(WHAT IS NEEDED) Output, word for word, the lines of this listing that fall between the line with "L f \<Longrightarrow>" and the line with "(\<lambda>n x. f", counting both of those lines, and no others.

(SUPPLIED ENTRIES)
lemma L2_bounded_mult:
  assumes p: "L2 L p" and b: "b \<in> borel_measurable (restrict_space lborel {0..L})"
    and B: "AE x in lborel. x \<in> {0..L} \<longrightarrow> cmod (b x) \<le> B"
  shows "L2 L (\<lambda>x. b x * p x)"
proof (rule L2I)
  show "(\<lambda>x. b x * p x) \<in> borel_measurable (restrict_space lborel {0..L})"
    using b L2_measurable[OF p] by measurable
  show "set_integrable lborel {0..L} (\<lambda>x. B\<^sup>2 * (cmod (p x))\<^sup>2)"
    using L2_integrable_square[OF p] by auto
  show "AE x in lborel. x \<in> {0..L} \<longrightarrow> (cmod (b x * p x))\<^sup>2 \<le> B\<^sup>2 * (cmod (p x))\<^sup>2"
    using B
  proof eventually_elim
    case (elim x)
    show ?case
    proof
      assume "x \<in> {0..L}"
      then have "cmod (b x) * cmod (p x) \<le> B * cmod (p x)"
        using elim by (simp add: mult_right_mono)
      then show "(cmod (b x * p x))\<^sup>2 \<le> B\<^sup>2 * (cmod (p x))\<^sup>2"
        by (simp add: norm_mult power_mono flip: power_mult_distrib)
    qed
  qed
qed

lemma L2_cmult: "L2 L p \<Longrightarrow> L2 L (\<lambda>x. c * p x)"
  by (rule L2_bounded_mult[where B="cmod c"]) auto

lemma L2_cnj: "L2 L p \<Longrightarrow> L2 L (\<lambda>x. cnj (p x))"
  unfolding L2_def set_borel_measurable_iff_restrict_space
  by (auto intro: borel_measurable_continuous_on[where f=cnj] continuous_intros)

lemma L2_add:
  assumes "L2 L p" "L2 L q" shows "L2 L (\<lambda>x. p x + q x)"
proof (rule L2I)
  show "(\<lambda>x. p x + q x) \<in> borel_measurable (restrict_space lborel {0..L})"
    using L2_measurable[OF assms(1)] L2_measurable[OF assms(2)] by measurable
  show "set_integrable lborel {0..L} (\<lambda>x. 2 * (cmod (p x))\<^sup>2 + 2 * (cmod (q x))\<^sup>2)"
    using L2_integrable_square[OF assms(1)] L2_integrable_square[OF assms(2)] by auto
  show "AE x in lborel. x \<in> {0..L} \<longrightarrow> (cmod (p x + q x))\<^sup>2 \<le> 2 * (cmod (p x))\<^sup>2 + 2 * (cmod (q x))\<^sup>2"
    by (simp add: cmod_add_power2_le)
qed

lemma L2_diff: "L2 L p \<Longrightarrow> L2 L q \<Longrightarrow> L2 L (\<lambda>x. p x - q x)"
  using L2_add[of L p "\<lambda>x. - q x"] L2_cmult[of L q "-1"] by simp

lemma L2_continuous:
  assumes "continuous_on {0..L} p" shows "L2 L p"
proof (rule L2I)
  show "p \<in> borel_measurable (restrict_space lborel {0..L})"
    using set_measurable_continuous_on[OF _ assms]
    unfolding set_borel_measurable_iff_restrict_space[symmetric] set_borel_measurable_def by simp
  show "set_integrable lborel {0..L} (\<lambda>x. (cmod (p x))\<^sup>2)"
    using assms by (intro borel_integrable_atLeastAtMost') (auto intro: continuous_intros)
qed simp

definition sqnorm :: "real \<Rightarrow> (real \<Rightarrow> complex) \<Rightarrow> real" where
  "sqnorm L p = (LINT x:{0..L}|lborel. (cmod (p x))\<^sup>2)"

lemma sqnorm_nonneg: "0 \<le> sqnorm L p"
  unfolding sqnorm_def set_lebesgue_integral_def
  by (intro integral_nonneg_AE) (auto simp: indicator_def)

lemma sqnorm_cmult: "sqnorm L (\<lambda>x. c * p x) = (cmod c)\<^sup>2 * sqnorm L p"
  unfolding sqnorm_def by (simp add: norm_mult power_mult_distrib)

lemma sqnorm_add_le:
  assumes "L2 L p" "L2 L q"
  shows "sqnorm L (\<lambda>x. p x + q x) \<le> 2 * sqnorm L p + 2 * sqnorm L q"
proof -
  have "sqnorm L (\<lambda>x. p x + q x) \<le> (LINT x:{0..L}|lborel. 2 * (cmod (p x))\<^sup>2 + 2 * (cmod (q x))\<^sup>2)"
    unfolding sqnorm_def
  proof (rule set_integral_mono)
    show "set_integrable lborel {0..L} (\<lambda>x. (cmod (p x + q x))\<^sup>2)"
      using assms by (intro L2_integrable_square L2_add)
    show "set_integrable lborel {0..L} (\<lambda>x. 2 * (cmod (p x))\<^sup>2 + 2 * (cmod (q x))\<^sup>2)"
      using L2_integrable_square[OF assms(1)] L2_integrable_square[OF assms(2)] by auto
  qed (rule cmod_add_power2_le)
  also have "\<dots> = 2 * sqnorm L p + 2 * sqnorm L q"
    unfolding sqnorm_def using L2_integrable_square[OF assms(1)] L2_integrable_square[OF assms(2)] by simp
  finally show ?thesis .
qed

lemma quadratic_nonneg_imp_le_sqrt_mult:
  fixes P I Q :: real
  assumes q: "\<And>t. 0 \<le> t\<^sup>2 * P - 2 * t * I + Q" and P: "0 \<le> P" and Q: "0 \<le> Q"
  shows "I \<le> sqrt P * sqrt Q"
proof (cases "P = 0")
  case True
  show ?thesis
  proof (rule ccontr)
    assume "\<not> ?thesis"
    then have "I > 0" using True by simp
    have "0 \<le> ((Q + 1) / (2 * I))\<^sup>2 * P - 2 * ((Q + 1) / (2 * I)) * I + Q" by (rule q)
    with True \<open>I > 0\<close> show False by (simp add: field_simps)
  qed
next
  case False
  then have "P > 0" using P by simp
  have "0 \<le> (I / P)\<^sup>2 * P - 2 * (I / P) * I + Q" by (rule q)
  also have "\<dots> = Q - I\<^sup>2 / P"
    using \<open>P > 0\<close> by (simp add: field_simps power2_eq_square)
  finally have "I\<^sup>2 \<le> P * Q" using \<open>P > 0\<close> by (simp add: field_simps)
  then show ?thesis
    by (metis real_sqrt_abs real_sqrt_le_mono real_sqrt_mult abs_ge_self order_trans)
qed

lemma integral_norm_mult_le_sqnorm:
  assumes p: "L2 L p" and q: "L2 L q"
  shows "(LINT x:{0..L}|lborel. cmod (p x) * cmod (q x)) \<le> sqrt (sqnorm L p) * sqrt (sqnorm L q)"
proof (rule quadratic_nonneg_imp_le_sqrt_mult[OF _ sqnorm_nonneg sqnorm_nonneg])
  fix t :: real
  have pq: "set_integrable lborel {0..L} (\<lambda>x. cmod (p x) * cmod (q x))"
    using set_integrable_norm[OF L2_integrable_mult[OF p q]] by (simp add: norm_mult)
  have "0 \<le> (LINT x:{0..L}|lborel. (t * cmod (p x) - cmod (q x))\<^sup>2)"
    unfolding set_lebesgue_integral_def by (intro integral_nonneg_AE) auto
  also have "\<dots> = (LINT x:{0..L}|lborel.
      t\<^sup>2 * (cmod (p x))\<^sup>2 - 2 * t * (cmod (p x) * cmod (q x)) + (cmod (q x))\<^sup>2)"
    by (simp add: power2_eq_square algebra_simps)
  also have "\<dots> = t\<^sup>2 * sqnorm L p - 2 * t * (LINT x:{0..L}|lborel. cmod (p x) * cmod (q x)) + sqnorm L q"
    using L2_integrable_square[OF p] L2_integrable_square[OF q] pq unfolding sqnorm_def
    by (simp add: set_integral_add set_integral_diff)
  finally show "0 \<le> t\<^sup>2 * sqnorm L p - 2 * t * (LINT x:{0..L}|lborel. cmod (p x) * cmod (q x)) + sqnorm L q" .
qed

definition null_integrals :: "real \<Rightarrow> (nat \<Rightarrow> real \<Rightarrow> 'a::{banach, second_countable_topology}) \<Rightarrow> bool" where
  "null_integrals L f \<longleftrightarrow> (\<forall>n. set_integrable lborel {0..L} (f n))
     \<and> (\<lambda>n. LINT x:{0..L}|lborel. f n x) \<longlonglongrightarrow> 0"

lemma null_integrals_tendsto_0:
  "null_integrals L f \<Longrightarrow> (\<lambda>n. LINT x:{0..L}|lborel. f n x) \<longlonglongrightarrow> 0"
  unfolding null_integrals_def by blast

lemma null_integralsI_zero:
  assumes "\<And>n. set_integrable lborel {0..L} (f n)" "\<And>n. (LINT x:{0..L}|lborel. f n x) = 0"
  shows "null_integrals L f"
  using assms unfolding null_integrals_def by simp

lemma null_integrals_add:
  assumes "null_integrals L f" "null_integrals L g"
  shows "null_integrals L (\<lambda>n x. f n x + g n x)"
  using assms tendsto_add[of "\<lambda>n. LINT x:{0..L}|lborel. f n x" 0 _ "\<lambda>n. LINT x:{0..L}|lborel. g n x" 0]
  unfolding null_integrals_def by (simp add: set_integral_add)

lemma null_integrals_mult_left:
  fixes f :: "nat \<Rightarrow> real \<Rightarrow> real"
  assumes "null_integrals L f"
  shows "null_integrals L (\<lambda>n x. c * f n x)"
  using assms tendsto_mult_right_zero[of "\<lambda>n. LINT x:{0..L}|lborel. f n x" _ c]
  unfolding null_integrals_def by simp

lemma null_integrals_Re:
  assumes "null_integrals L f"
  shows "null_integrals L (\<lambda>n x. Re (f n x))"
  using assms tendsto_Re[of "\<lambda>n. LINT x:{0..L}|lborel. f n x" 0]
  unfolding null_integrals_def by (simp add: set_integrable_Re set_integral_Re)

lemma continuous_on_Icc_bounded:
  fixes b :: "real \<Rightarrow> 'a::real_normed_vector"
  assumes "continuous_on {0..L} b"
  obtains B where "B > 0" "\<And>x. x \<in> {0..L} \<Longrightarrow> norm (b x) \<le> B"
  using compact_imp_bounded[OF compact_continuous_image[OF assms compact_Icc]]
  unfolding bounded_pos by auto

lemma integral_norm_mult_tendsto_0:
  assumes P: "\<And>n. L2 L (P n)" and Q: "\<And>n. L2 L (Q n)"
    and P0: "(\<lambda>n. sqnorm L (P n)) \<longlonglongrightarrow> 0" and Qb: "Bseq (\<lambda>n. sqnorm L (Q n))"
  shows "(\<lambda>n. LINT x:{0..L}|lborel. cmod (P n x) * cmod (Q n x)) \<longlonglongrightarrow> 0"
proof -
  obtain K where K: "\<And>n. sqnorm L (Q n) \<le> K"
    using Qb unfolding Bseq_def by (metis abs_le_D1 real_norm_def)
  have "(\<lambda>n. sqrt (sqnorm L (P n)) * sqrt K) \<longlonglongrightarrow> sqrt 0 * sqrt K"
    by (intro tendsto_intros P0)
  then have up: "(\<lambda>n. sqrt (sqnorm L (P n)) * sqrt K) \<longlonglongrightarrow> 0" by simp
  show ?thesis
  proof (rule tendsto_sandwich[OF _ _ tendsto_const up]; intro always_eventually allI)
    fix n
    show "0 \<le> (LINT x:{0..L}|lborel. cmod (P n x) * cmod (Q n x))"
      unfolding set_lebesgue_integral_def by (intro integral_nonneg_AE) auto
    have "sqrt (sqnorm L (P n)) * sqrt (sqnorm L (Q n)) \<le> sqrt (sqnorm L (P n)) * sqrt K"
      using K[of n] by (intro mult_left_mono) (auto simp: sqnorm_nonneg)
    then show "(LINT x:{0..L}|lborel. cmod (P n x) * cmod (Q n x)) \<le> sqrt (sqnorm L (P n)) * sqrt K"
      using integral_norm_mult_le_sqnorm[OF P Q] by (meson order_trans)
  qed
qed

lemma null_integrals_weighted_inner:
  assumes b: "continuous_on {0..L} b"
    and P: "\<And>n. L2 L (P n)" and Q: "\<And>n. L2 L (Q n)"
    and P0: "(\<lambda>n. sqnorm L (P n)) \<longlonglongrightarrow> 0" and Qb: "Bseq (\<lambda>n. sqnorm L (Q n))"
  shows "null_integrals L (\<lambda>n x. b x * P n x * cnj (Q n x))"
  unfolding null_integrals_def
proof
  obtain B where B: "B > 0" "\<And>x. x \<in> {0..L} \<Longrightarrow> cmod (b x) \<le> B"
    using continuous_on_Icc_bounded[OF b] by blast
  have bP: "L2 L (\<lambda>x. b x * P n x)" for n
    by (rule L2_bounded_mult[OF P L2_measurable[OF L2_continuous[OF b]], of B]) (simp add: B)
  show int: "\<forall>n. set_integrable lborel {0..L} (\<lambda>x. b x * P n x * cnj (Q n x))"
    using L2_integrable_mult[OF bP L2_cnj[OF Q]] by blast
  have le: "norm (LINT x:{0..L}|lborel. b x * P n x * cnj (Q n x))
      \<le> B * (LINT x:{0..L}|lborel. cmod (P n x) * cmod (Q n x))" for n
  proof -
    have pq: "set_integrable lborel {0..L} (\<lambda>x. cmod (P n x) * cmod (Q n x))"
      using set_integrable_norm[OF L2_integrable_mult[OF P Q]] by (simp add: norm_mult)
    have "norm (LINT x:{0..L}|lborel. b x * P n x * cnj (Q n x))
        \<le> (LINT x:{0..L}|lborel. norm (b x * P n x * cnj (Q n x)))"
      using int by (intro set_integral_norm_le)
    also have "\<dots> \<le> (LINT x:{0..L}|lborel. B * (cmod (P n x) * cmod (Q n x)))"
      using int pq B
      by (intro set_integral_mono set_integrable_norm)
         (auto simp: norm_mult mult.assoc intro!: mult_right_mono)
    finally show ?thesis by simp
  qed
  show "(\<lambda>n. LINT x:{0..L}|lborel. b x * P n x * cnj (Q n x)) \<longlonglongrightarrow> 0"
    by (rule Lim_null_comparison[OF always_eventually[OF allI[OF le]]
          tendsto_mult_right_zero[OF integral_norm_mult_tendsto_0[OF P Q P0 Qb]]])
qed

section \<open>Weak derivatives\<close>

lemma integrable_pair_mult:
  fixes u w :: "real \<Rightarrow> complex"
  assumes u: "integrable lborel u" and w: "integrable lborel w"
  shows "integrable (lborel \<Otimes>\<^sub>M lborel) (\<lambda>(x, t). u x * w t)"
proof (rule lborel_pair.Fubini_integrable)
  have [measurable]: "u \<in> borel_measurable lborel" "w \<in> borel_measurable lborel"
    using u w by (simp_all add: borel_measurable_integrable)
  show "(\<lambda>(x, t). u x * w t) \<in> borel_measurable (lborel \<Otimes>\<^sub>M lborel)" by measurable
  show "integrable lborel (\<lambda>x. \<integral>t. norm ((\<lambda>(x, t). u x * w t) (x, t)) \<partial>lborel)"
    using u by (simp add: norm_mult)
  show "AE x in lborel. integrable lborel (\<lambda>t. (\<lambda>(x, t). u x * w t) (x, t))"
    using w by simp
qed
* * *
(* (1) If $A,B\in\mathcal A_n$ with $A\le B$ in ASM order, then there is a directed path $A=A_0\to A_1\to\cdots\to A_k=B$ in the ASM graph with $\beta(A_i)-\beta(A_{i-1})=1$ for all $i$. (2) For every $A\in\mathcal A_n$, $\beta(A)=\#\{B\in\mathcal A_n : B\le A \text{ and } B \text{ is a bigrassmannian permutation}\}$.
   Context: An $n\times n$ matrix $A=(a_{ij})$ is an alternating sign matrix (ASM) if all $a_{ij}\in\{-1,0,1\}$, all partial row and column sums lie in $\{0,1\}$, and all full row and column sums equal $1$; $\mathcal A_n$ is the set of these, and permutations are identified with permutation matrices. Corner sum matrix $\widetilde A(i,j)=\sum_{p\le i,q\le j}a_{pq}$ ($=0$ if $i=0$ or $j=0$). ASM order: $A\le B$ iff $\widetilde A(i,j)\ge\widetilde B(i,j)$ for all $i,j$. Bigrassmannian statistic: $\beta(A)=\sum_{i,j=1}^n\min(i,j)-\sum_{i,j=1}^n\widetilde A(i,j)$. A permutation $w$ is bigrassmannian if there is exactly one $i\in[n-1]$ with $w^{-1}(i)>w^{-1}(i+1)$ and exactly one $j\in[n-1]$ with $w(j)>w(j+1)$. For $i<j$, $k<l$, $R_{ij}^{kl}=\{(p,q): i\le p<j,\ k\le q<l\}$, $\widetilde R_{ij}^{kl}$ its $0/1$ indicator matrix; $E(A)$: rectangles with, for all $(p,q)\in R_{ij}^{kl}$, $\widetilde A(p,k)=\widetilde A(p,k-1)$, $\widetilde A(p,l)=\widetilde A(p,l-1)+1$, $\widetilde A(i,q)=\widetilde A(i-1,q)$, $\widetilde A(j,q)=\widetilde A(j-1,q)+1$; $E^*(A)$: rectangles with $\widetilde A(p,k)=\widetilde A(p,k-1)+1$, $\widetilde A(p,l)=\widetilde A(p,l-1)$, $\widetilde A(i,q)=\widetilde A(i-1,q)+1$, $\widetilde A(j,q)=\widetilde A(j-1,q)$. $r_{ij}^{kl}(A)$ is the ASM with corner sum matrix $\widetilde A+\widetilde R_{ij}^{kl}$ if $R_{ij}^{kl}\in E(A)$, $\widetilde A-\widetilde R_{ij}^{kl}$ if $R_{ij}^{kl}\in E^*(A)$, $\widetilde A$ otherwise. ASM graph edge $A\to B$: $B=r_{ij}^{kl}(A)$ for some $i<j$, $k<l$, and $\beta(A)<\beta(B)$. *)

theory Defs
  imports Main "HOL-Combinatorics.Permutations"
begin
* * *
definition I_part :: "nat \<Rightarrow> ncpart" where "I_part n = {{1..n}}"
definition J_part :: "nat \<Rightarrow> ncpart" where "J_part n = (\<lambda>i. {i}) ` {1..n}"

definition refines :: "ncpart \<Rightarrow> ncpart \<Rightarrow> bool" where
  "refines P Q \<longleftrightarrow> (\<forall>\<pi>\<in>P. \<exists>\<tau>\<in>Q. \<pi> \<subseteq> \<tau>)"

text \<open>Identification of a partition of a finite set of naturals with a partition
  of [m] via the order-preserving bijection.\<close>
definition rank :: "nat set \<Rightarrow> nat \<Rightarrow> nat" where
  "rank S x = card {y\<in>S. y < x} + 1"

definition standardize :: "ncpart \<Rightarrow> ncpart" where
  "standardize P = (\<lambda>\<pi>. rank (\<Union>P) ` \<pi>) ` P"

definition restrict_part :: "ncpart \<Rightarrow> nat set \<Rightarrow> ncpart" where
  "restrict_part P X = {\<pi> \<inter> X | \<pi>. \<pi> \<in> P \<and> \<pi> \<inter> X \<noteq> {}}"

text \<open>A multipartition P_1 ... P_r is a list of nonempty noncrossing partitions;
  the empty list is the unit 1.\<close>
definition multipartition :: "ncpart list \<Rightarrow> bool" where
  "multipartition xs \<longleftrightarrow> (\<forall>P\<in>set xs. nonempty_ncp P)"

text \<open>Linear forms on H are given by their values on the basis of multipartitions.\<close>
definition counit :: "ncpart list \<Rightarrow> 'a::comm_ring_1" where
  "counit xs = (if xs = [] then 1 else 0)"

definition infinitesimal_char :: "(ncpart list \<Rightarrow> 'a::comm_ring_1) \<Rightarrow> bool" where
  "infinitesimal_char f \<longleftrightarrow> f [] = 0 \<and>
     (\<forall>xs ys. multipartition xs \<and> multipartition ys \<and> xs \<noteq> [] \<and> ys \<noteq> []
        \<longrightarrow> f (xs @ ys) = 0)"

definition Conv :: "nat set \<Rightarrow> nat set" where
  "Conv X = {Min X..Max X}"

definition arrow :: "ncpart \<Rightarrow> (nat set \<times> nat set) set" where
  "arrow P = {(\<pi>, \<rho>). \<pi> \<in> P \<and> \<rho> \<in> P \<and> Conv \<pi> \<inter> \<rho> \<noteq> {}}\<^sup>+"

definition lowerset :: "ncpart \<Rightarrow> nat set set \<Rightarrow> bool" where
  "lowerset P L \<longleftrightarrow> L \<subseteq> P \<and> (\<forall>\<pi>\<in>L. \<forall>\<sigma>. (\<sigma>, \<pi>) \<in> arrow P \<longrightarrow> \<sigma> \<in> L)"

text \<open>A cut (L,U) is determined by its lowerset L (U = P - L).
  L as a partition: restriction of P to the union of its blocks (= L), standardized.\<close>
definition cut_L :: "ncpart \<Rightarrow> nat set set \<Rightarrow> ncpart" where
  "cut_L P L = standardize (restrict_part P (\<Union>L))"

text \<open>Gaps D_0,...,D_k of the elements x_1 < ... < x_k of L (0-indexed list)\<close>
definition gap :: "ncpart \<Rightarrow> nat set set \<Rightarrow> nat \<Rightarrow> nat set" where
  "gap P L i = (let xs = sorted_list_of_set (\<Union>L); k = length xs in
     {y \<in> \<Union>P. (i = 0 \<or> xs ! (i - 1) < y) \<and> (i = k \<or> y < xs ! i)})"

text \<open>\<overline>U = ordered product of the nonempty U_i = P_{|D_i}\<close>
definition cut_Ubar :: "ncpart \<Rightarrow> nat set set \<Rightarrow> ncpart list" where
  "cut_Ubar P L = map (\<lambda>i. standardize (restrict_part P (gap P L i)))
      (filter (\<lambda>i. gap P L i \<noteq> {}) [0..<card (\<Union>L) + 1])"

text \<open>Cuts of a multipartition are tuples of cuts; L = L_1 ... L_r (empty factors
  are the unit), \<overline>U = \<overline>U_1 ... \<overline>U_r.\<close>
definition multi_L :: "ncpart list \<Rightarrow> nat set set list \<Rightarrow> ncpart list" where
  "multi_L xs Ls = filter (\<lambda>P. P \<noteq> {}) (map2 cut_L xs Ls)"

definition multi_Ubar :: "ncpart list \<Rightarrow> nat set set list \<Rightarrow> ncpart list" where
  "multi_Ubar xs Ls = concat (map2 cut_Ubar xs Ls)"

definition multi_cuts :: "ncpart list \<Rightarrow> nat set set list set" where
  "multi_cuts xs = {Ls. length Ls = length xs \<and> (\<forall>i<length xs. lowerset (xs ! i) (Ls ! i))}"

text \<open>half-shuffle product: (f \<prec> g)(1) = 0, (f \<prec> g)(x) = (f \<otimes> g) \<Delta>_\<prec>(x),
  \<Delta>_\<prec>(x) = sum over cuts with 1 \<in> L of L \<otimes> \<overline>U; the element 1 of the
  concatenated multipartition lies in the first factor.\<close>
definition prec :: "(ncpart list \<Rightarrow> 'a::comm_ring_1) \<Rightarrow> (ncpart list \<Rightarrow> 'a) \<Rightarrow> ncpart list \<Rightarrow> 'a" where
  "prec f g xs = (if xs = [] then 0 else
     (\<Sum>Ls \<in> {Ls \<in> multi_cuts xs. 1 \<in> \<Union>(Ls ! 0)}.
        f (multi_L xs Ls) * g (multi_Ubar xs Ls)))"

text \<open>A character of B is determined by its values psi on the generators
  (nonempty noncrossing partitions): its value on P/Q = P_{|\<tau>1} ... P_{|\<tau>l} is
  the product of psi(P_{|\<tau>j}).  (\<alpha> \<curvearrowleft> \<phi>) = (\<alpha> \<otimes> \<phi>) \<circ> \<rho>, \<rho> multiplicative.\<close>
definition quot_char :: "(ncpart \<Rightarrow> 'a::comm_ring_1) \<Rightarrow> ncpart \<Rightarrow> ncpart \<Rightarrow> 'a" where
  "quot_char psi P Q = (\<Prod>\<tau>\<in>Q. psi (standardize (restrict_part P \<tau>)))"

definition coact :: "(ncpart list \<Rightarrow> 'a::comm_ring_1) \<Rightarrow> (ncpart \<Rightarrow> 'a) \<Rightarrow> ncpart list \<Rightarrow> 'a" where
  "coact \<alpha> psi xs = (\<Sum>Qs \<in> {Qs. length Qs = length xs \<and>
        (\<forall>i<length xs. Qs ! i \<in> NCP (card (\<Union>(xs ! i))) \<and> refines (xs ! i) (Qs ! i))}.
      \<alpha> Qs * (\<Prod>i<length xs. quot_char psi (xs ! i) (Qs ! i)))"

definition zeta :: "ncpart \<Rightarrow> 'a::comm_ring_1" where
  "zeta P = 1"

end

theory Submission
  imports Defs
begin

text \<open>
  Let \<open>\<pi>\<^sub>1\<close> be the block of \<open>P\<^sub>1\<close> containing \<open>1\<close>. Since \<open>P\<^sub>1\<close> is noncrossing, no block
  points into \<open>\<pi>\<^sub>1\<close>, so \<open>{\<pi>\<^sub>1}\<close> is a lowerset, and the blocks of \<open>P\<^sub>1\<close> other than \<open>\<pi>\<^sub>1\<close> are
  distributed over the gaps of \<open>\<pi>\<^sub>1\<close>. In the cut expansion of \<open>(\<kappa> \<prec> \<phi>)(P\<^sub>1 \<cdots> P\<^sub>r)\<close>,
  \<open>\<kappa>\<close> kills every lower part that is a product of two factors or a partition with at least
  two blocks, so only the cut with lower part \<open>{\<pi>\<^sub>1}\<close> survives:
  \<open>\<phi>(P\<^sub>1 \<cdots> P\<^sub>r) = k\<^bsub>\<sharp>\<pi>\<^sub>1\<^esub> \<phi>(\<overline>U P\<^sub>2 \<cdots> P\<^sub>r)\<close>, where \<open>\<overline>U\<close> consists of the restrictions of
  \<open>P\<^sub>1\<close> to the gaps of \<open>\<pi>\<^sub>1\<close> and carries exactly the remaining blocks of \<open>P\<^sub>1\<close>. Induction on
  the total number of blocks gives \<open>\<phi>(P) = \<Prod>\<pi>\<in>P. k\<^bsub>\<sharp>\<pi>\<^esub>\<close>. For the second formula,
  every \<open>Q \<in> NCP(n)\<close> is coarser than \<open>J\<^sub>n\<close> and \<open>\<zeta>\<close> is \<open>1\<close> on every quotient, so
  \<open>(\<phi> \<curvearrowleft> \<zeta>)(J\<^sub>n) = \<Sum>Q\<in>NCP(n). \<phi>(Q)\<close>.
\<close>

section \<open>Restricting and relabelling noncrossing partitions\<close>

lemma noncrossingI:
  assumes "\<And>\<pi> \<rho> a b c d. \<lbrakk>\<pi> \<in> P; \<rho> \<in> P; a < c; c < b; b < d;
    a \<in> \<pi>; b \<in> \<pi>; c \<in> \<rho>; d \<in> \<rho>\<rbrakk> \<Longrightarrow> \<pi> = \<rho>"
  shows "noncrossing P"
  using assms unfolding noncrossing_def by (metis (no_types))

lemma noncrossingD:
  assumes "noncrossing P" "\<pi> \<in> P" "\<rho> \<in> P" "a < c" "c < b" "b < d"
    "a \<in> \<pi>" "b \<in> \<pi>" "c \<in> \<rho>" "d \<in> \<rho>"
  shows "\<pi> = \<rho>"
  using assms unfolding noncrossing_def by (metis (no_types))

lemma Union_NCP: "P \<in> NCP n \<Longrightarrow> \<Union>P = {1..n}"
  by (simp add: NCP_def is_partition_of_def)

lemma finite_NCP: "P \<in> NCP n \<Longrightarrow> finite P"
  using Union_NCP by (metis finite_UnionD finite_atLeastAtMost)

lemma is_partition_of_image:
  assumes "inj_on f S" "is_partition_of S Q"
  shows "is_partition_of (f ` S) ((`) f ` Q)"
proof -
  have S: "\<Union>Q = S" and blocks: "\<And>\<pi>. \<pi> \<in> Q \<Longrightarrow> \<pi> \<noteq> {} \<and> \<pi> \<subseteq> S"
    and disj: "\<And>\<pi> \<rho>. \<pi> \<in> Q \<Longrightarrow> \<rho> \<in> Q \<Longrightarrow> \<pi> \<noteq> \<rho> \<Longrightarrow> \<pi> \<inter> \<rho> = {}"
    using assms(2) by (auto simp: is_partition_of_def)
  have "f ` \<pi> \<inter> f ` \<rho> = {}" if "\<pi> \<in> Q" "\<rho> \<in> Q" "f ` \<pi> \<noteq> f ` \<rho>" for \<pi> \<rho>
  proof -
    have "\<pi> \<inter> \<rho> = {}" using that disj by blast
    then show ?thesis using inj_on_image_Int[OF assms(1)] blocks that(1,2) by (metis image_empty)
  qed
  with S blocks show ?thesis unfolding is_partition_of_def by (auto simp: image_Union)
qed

(RESULT OF THE TASK)
  "null_integrals L f \<Longrightarrow> (\<lambda>n. LINT x:{0..L}|lborel. f n x) \<longlonglongrightarrow> 0"
  unfolding null_integrals_def by blast

lemma null_integralsI_zero:
  assumes "\<And>n. set_integrable lborel {0..L} (f n)" "\<And>n. (LINT x:{0..L}|lborel. f n x) = 0"
  shows "null_integrals L f"
  using assms unfolding null_integrals_def by simp

lemma null_integrals_add:
  assumes "null_integrals L f" "null_integrals L g"
  shows "null_integrals L (\<lambda>n x. f n x + g n x)"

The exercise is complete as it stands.